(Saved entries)
++++++++++++++++++++
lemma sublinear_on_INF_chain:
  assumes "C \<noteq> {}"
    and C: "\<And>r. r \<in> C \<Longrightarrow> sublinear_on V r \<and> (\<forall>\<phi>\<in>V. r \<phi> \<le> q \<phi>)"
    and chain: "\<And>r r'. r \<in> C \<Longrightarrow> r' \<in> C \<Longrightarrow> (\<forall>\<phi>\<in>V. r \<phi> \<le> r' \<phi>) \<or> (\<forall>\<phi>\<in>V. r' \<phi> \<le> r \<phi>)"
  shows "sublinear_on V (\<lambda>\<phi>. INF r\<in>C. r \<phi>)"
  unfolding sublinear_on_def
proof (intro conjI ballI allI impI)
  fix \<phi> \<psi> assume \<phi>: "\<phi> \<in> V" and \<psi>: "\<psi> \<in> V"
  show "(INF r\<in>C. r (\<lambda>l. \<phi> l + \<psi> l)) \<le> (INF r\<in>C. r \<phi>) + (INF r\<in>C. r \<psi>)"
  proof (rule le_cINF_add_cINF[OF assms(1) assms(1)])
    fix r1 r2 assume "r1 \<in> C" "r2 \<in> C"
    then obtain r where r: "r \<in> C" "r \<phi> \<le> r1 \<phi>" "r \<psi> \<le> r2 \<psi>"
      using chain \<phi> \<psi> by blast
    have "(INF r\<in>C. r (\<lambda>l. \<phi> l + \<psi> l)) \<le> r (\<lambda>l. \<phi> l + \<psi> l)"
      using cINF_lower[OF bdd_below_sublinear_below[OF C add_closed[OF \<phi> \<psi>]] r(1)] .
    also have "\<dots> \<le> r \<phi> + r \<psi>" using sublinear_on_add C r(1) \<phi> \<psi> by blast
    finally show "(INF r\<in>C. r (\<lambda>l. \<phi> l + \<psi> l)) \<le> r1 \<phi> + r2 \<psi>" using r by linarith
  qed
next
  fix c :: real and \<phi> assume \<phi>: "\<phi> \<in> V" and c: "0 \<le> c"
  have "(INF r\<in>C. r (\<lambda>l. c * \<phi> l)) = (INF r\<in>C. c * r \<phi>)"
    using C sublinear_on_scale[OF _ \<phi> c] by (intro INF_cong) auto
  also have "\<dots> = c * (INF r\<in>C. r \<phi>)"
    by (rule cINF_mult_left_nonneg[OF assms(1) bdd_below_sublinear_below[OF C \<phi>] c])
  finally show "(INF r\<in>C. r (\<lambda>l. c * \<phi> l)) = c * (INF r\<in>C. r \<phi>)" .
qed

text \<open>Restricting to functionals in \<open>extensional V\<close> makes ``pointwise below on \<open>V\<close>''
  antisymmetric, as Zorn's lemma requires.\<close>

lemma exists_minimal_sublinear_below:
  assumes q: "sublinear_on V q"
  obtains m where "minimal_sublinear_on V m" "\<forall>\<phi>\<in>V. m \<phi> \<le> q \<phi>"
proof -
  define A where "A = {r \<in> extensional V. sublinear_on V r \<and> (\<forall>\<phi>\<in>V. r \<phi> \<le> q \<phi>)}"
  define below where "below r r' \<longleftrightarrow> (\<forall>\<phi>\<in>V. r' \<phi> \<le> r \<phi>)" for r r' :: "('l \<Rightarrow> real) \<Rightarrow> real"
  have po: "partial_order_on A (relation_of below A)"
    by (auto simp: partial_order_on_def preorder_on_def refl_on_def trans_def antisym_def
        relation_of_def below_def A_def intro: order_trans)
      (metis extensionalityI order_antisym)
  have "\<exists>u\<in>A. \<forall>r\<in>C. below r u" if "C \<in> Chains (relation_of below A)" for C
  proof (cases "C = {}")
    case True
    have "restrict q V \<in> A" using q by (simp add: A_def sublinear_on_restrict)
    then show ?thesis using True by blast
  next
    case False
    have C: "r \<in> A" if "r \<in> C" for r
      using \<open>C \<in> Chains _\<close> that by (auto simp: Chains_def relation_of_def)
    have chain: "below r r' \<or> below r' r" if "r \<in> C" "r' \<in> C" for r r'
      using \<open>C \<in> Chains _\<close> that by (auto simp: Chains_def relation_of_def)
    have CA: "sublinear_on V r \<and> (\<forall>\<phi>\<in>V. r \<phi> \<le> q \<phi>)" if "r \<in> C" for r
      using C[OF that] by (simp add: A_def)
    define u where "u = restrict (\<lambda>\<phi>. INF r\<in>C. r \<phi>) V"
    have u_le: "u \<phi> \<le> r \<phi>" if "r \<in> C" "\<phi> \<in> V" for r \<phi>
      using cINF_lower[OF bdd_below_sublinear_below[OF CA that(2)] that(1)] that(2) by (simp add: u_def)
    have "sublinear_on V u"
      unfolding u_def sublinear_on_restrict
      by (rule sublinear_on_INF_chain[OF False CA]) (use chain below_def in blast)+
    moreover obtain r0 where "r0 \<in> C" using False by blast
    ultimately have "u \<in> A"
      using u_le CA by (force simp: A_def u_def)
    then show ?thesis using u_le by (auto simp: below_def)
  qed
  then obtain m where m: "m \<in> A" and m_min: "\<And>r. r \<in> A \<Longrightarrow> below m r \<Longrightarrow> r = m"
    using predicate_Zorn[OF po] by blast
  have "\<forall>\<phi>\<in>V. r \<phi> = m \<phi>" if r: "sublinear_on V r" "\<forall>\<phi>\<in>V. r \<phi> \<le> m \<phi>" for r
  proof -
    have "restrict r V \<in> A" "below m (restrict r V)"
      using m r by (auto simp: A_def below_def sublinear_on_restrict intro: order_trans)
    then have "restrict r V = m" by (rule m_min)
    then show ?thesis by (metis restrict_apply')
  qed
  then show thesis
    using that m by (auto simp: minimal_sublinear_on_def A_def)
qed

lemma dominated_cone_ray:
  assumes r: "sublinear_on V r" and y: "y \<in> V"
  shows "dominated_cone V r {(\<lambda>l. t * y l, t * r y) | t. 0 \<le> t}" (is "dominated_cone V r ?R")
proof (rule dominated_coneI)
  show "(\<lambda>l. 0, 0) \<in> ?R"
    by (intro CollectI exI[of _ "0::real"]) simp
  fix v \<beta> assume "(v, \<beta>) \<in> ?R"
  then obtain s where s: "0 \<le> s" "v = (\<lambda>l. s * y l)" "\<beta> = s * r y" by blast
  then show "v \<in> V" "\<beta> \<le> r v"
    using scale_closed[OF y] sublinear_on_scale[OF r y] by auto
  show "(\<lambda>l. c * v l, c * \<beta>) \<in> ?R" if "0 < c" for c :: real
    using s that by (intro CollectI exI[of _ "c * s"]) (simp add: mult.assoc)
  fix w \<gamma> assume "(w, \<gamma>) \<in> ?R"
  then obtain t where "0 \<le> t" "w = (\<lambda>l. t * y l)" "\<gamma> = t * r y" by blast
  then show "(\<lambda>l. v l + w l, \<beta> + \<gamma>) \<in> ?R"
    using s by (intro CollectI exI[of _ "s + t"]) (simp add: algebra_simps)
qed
++++++++++++++++++++
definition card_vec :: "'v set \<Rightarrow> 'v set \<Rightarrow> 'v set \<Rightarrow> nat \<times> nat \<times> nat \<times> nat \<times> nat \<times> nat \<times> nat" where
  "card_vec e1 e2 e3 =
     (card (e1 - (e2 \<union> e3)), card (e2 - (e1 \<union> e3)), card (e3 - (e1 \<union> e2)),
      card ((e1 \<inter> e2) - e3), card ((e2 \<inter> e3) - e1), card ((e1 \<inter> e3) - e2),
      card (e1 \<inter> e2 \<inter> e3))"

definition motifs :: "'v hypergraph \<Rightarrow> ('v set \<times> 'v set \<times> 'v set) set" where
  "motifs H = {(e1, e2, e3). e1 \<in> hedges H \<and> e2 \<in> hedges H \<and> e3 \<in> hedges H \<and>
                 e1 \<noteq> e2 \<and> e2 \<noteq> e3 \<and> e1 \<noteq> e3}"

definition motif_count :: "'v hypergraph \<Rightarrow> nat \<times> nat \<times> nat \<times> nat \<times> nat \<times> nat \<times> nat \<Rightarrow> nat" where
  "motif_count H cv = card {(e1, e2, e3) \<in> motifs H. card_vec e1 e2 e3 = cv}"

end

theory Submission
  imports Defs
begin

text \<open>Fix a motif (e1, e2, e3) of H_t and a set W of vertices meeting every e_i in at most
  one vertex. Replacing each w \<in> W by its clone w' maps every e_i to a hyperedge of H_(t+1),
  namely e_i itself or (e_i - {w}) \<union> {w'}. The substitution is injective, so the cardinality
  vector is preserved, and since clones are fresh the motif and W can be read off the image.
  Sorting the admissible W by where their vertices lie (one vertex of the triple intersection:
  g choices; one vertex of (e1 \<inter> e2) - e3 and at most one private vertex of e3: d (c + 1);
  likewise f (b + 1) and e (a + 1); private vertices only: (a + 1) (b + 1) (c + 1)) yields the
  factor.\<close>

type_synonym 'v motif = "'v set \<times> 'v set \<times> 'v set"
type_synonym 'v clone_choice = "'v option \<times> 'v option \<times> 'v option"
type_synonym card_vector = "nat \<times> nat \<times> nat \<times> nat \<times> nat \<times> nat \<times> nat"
++++++++++++++++++++
Your answer should consist of all lines above that include the string "open".

text \<open>Restricting to functionals in \<open>extensional V\<close> makes ``pointwise below on \<open>V\<close>''
      using \<open>C \<in> Chains _\<close> that by (auto simp: Chains_def relation_of_def)
      using \<open>C \<in> Chains _\<close> that by (auto simp: Chains_def relation_of_def)
text \<open>Fix a motif (e1, e2, e3) of H_t and a set W of vertices meeting every e_i in at most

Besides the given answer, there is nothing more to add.